I'm not convinced that this is a real problem. The big tech companies have way
more compute than anyone else, so they should do the large-scale experiments
that no one else is able to do. It's true that you don't have to be
particularly creative to come up with a lot of these experiments, but
nevertheless they should be done and there is a lot of scientific value there.

I absolutely agree that more attention needs to be paid to smaller
institutions since they're just as likely as anyone to come up with the next
great idea. Double blind conference submissions help with this to an extent,
but they're not a panacea. If you see an anonymous paper that has performed a
thousand Imagenet experiments, is there really any doubt where it came from?
And similarly, if they _didn 't_ perform a bunch of Imagenet experiments, is
there really any doubt that it didn't come from one of the big players? So now
you can mask a bias against small institutions as a subtler "you didn't
perform enough Imagenet experiments" excuse. (Incidentally, this was the main
reason that the paper by Smith & Topin was rejected from ICLR [1].)

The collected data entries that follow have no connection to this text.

lemma multiaffine_diff:
  assumes "multiaffine S f" "multiaffine S g"
  shows "multiaffine S (\<lambda>z. f z - g z)"
proof -
  have "multiaffine S (\<lambda>z. - 1 * g z)"
    using multiaffine_mult[OF multiaffine_const[of "{}" "-1"] assms(2)] by simp
  from multiaffine_add[OF assms(1) this] show ?thesis by simp
qed

lemma multiaffine_sum:
  "finite I \<Longrightarrow> (\<And>i. i \<in> I \<Longrightarrow> multiaffine S (f i)) \<Longrightarrow> multiaffine S (\<lambda>z. \<Sum>i\<in>I. f i z)"
proof (induction I rule: finite_induct)
  case empty
  then show ?case using multiaffine_const by simp
next
  case (insert x F)
  then show ?case using multiaffine_add[of S "f x" "\<lambda>z. \<Sum>i\<in>F. f i z"] by simp
qed

section \<open>The matrices \<open>M\<^sub>l\<close> and the last row of \<open>\<Psi>\<^sub>K\<close>\<close>

definition free_entry :: "nat \<Rightarrow> nat \<Rightarrow> nat \<Rightarrow> bool" where
  "free_entry l a b \<longleftrightarrow> (if even l then a < b else b < a)"

lemma Mmat_carrier: "Mmat n l z \<in> carrier_mat n n"
  unfolding Mmat_def by simp

lemma Mmat_index:
  "a < n \<Longrightarrow> b < n \<Longrightarrow>
   Mmat n l z $$ (a,b) = (if a = b then 1 else if free_entry l a b then z (a+1, b+1, l) else 0)"
  unfolding Mmat_def free_entry_def by simp

lemma det_Mmat: "det (Mmat n l z) = 1"
proof -
  have "det (Mmat n l z) = prod_list (diag_mat (Mmat n l z))"
  proof (cases "even l")
    case True
    then show ?thesis
      by (intro det_upper_triangular[OF _ Mmat_carrier]) (auto simp: Mmat_def)
  next
    case False
    then show ?thesis
      by (intro det_lower_triangular[OF _ Mmat_carrier]) (auto simp: Mmat_def)
  qed
  also have "diag_mat (Mmat n l z) = replicate n 1"
    by (rule nth_equalityI) (auto simp: diag_mat_def Mmat_def)
  finally show ?thesis by simp
qed

text \<open>Since \<open>det M\<^sub>l = 1\<close>, \<open>mat_inv\<close> really is a two-sided inverse of \<open>M\<^sub>l\<close>.\<close>

lemma mat_inv_Mmat:
  "mat_inv n (Mmat n l z) \<in> carrier_mat n n \<and> mat_inv n (Mmat n l z) * Mmat n l z = 1\<^sub>m n"
proof -
  let ?M = "Mmat n l z"
  have "?M \<in> Units (ring_mat TYPE(complex) n undefined)"
    by (rule det_non_zero_imp_unit[OF Mmat_carrier]) (simp add: det_Mmat)
  then obtain B where B: "B \<in> carrier_mat n n" "B * ?M = 1\<^sub>m n" "?M * B = 1\<^sub>m n"
    by (auto simp: Units_def ring_mat_def)
  have unique: "C = B" if C: "C \<in> carrier_mat n n" "?M * C = 1\<^sub>m n" for C
  proof -
    have "C = (B * ?M) * C" using B C by simp
    also have "\<dots> = B * (?M * C)" using B C Mmat_carrier by (metis assoc_mult_mat)
    finally show ?thesis using B C by simp
  qed
  have "mat_inv n ?M = B"
    unfolding mat_inv_def by (rule the_equality) (use B unique in blast)+
  then show ?thesis using B by simp
qed

lemma Psi_carrier: "Psi n K z \<in> carrier_mat n n"
  by (induction K) (use mat_inv_Mmat in auto)

lemma Psi_Suc_mult_Mmat: "Psi n (Suc K) z * Mmat n (Suc K) z = Psi n K z"
proof -
  let ?M = "Mmat n (Suc K) z"
  have "Psi n (Suc K) z * ?M = Psi n K z * (mat_inv n ?M * ?M)"
    using Psi_carrier[of n K z] mat_inv_Mmat[of n "Suc K" z] Mmat_carrier
    by (simp add: assoc_mult_mat[of _ n n _ n _ n])
  then show ?thesis using mat_inv_Mmat[of n "Suc K" z] Psi_carrier[of n K z] by simp
qed

lemma index_mult_square:
  assumes "A \<in> carrier_mat n n" "B \<in> carrier_mat n n" "a < n" "b < n"
  shows "(A * B) $$ (a,b) = (\<Sum>i<n. A $$ (a,i) * B $$ (i,b))"
  using assms by (simp add: index_mult_mat scalar_prod_def lessThan_atLeast0)

lemma sum_unipotent_column:
  fixes F G :: "nat \<Rightarrow> complex"
  assumes "k < n" "T \<subseteq> {..<n}" "k \<notin> T"
  shows "(\<Sum>i<n. F i * (if i = k then 1 else if i \<in> T then G i else 0)) = F k + (\<Sum>i\<in>T. F i * G i)"
proof -
  have "(\<Sum>i<n. F i * (if i = k then 1 else if i \<in> T then G i else 0))
      = (\<Sum>i<n. (if i = k then F k else 0) + (if i \<in> T then F i * G i else 0))"
    by (rule sum.cong) (use assms(3) in auto)
  also have "\<dots> = F k + (\<Sum>i\<in>{..<n} \<inter> T. F i * G i)"
    using assms(1) by (simp add: sum.distrib sum.inter_restrict)
  also have "{..<n} \<inter> T = T" using assms(2) by blast
  finally show ?thesis .
qed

EDIT: Full disclosure, I'm currently working on a set of not-so-creative (but
still IMO important) experiments that use a large amount of compute at Google.
So I have some bias here. :-)

[1]:
[https://openreview.net/forum?id=H1A5ztj3b](https://openreview.net/forum?id=H1A5ztj3b)

------
jph00
Jeremy from fast.ai here. Let me know if you have any questions about the
methods we used, or anything else relevant to this project.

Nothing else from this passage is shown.